__Task instructions__
Each line below either holds the string "induction" or doesn't. Count those that do and give only the number.

__Available records__
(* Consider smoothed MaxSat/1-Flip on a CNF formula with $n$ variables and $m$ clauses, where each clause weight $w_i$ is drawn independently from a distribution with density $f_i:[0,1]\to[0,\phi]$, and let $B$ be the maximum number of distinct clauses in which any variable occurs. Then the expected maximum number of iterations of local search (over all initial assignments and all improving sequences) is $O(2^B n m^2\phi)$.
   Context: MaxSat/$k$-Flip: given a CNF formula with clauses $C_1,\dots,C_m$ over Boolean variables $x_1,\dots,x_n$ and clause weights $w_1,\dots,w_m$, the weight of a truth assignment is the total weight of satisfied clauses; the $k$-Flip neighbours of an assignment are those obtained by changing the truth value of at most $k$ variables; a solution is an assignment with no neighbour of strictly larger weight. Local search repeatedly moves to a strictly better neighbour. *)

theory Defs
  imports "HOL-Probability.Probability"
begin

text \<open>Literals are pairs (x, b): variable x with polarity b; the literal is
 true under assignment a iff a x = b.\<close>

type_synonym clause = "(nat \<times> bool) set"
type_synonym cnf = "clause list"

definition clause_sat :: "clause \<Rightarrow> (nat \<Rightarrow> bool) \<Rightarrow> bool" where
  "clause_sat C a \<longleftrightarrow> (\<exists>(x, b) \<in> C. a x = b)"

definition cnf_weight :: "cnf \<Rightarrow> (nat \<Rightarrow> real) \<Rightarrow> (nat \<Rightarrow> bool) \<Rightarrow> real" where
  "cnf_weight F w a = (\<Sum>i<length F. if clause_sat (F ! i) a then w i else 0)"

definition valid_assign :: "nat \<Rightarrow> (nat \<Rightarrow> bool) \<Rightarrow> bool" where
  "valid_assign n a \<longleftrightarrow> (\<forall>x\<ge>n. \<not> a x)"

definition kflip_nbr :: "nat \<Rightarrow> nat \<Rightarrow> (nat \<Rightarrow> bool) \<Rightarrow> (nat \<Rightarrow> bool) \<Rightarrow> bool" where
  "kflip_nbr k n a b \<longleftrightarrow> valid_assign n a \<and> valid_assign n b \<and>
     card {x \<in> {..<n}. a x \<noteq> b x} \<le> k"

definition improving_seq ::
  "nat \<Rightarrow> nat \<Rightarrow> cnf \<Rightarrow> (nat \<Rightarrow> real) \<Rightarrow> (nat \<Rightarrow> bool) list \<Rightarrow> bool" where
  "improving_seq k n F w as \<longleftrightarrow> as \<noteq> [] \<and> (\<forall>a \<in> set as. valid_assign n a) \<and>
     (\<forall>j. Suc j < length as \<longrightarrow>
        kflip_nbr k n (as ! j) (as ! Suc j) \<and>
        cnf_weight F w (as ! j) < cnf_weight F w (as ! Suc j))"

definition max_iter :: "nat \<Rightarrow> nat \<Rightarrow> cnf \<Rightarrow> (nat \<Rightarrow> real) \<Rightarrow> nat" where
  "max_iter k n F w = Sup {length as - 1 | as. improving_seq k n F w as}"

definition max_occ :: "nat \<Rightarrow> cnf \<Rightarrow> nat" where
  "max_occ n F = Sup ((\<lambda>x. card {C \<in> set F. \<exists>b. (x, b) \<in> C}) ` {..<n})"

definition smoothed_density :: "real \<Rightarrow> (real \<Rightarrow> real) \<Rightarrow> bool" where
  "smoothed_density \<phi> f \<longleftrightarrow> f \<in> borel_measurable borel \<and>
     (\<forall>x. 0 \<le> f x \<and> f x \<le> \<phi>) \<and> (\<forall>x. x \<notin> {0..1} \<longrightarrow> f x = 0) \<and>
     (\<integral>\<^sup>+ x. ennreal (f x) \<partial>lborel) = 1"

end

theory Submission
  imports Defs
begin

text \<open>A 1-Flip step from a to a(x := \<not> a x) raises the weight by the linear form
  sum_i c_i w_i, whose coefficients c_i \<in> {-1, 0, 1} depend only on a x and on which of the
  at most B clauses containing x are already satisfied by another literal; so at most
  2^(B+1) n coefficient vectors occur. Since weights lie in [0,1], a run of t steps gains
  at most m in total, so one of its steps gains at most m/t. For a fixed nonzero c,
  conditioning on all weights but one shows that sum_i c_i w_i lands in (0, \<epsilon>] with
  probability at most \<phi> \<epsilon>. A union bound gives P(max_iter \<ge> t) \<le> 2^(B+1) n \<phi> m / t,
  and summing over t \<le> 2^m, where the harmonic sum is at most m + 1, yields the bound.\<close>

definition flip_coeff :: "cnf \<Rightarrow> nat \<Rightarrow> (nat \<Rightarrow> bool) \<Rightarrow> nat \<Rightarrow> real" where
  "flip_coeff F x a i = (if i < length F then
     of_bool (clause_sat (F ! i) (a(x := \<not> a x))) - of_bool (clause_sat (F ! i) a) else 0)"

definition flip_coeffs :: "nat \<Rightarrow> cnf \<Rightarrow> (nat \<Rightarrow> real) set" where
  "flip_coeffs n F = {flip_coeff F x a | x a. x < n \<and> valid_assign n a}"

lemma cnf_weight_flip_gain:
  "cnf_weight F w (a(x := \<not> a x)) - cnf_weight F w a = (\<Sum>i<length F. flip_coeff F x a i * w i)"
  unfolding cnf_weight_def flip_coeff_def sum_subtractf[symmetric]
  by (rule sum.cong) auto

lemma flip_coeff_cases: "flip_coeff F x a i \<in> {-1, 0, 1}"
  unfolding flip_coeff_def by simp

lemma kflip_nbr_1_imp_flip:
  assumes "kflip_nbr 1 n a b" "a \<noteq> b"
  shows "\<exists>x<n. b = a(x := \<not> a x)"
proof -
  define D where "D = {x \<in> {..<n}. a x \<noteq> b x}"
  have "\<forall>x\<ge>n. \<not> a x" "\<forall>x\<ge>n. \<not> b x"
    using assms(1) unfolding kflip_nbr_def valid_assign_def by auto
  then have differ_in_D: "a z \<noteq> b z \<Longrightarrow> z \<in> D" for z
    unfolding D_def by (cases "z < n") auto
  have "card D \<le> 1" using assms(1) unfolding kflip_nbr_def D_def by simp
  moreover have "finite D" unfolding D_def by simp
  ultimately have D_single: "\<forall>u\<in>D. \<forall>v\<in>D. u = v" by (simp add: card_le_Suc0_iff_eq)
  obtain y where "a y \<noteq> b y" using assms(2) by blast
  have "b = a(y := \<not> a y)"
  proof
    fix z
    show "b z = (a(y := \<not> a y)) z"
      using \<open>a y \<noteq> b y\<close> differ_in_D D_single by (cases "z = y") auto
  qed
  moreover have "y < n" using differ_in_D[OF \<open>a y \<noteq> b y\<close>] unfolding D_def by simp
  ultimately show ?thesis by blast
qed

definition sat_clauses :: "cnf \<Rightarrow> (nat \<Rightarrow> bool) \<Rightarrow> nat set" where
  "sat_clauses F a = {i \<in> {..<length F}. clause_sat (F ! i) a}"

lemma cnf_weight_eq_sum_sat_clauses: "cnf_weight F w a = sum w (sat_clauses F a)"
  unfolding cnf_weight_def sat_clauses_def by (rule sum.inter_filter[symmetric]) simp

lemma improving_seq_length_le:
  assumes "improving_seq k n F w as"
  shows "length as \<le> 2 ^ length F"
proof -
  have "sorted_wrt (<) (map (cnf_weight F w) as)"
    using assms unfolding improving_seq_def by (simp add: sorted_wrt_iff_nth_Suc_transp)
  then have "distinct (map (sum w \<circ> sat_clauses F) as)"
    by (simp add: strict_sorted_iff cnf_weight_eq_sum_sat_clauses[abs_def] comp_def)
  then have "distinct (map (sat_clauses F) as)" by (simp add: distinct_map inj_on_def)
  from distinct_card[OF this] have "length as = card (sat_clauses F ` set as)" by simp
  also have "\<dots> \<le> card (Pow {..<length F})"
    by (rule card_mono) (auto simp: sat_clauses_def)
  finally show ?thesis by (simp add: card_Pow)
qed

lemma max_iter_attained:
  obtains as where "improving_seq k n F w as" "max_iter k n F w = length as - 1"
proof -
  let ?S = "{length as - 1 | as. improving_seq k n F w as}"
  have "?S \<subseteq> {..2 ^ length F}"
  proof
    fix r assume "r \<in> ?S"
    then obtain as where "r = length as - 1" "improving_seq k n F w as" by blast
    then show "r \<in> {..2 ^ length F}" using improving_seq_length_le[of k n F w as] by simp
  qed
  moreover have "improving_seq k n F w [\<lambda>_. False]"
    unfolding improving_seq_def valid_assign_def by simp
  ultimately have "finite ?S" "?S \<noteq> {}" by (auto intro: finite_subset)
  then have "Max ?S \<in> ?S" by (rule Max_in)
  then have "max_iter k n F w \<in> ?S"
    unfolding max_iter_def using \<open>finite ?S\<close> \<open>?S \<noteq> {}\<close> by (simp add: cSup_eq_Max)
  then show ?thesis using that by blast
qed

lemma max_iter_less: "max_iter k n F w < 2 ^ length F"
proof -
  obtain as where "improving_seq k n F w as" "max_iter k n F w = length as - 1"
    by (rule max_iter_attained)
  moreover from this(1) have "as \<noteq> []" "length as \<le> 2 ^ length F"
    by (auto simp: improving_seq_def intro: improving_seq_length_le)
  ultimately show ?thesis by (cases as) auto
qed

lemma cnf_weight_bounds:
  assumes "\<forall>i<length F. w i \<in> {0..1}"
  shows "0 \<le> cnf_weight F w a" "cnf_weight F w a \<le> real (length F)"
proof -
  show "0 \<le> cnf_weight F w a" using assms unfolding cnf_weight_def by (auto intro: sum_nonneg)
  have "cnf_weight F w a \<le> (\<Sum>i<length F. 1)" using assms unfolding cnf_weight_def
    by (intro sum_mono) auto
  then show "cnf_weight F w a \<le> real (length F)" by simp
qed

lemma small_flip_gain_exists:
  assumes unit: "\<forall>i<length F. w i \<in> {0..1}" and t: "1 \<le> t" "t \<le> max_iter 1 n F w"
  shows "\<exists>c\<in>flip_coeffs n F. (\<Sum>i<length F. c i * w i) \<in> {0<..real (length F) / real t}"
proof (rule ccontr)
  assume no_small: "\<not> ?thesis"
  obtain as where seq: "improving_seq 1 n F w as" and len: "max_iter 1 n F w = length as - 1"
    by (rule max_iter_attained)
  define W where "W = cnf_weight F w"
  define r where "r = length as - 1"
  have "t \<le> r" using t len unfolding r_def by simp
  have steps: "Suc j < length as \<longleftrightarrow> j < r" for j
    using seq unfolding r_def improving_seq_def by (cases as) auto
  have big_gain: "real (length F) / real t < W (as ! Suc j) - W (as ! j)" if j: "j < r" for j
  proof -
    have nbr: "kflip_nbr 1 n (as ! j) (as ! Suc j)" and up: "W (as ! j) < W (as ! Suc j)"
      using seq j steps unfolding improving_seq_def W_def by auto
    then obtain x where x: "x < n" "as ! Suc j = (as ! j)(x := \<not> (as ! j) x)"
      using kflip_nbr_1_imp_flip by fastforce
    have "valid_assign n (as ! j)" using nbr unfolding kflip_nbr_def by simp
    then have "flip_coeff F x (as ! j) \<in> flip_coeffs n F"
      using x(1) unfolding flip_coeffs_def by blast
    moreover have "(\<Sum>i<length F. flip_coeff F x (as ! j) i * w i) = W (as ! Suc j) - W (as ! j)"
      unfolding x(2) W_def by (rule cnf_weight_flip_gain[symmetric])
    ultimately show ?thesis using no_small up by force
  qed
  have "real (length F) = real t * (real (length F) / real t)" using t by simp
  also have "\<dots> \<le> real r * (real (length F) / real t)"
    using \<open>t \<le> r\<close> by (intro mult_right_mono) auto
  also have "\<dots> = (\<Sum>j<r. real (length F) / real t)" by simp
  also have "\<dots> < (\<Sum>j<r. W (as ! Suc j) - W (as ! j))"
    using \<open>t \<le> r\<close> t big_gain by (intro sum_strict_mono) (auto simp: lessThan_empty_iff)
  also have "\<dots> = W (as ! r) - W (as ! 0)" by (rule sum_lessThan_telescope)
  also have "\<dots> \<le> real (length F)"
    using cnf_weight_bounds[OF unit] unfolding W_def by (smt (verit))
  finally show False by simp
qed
--
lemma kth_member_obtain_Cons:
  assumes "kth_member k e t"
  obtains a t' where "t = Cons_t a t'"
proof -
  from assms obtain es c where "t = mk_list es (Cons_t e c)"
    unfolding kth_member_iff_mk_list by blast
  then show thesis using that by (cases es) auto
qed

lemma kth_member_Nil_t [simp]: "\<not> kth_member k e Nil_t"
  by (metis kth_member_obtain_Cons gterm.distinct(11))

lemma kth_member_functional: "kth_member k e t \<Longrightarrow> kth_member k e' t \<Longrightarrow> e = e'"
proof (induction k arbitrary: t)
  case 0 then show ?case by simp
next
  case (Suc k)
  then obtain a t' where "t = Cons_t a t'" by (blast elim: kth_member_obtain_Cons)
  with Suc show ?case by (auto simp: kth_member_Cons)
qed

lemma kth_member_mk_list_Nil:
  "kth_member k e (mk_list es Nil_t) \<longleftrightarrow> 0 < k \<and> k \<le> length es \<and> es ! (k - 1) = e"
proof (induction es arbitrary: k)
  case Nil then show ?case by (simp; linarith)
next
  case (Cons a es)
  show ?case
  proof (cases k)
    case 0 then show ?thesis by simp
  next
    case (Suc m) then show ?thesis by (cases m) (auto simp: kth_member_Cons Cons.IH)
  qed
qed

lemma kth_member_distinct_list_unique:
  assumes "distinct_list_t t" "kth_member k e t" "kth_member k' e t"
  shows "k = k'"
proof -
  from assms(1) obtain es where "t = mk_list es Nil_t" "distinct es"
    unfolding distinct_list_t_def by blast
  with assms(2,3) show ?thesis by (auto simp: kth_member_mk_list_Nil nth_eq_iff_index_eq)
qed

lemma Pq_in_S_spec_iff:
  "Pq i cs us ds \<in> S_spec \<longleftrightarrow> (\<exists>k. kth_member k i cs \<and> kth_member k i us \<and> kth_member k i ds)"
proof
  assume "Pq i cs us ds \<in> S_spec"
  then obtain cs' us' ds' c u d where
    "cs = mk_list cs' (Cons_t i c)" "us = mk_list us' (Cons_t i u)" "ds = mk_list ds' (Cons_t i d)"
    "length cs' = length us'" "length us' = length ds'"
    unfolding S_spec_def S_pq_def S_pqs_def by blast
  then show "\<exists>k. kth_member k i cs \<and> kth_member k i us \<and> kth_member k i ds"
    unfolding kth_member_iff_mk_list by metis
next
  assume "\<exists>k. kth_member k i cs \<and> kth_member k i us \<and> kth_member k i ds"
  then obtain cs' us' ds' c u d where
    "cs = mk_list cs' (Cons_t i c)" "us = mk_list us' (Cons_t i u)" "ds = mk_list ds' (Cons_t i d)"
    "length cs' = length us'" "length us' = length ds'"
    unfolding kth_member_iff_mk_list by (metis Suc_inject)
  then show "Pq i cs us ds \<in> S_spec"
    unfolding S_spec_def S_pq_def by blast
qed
* * *
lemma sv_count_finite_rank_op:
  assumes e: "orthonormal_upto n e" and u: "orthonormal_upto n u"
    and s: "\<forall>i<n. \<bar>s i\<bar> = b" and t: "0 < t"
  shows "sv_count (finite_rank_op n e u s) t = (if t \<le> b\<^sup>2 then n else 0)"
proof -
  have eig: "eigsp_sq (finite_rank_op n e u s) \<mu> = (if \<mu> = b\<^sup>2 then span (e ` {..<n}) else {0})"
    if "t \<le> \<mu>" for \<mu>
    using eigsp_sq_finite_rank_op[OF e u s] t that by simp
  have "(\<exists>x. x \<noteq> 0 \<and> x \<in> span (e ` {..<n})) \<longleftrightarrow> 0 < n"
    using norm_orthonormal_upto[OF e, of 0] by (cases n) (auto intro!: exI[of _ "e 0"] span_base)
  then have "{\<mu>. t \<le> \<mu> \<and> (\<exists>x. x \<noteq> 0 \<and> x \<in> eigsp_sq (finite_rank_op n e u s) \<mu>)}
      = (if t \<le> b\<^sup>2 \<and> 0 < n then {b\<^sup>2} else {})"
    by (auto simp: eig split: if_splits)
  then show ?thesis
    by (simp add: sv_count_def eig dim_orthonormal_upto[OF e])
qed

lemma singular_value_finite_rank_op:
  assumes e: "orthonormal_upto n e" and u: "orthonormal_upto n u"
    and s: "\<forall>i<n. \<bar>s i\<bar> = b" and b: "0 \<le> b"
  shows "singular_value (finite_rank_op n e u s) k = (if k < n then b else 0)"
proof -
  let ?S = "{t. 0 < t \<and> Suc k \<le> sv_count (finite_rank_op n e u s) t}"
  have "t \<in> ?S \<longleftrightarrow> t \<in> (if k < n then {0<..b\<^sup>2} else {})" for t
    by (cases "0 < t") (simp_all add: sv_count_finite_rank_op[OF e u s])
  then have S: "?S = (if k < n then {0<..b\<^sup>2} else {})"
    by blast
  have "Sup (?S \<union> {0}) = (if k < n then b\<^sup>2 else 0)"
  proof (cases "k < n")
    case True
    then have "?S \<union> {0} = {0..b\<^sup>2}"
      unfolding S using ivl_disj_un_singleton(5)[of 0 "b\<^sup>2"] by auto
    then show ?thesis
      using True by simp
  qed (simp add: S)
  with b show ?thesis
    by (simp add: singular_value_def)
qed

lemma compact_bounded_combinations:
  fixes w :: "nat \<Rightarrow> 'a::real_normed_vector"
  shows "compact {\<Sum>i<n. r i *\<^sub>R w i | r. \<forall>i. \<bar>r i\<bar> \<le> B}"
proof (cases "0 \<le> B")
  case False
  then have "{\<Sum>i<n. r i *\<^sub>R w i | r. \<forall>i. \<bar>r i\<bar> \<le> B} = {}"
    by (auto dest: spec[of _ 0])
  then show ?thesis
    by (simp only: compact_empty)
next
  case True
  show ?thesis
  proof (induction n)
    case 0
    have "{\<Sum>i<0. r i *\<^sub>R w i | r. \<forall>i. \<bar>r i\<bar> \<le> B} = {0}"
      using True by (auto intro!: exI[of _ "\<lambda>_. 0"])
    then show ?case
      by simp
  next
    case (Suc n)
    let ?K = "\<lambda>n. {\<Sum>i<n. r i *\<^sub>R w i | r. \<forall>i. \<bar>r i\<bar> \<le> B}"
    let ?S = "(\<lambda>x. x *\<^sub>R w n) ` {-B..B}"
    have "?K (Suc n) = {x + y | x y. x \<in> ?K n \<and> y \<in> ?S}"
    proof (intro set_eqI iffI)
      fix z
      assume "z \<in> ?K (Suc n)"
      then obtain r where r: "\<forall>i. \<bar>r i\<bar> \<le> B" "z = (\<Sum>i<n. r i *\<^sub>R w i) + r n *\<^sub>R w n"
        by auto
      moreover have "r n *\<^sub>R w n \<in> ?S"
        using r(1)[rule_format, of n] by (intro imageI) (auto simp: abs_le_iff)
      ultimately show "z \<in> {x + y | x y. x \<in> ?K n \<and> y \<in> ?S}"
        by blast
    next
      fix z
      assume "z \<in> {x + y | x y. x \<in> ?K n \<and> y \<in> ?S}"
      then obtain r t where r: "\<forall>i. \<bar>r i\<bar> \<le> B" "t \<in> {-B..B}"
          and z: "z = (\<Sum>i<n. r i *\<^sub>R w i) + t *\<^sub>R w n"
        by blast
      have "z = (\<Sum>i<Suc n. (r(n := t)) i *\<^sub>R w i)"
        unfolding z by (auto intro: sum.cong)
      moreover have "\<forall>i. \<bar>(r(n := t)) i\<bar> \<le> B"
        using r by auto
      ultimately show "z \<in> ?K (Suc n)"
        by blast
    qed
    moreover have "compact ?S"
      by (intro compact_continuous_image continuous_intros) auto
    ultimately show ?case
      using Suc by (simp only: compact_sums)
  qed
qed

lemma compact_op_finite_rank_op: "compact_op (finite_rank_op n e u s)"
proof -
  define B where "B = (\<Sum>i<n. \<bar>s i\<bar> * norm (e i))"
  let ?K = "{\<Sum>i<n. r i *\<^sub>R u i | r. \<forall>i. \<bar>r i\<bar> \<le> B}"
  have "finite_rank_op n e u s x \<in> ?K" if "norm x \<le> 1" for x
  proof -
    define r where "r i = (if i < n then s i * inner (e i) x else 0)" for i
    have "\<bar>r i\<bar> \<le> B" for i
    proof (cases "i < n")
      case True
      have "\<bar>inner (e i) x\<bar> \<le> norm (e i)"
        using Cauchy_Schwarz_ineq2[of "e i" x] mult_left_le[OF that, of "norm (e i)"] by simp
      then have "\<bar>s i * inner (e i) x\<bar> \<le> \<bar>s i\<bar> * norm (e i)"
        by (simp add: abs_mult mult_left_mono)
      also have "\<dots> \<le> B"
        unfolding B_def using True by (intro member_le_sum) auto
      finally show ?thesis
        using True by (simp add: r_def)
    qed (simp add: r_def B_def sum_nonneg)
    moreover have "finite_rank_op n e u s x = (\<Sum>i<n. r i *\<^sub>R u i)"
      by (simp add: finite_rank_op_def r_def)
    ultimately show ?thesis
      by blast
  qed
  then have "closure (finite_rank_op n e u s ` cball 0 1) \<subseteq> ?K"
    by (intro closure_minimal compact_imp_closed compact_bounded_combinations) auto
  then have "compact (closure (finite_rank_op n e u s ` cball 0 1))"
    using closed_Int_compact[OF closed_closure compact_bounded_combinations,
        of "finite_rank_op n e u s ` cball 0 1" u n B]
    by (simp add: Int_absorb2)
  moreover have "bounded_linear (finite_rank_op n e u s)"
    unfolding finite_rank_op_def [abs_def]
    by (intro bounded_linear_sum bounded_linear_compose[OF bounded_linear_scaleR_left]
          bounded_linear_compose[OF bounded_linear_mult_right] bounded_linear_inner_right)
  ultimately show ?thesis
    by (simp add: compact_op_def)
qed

__Exercise output__
3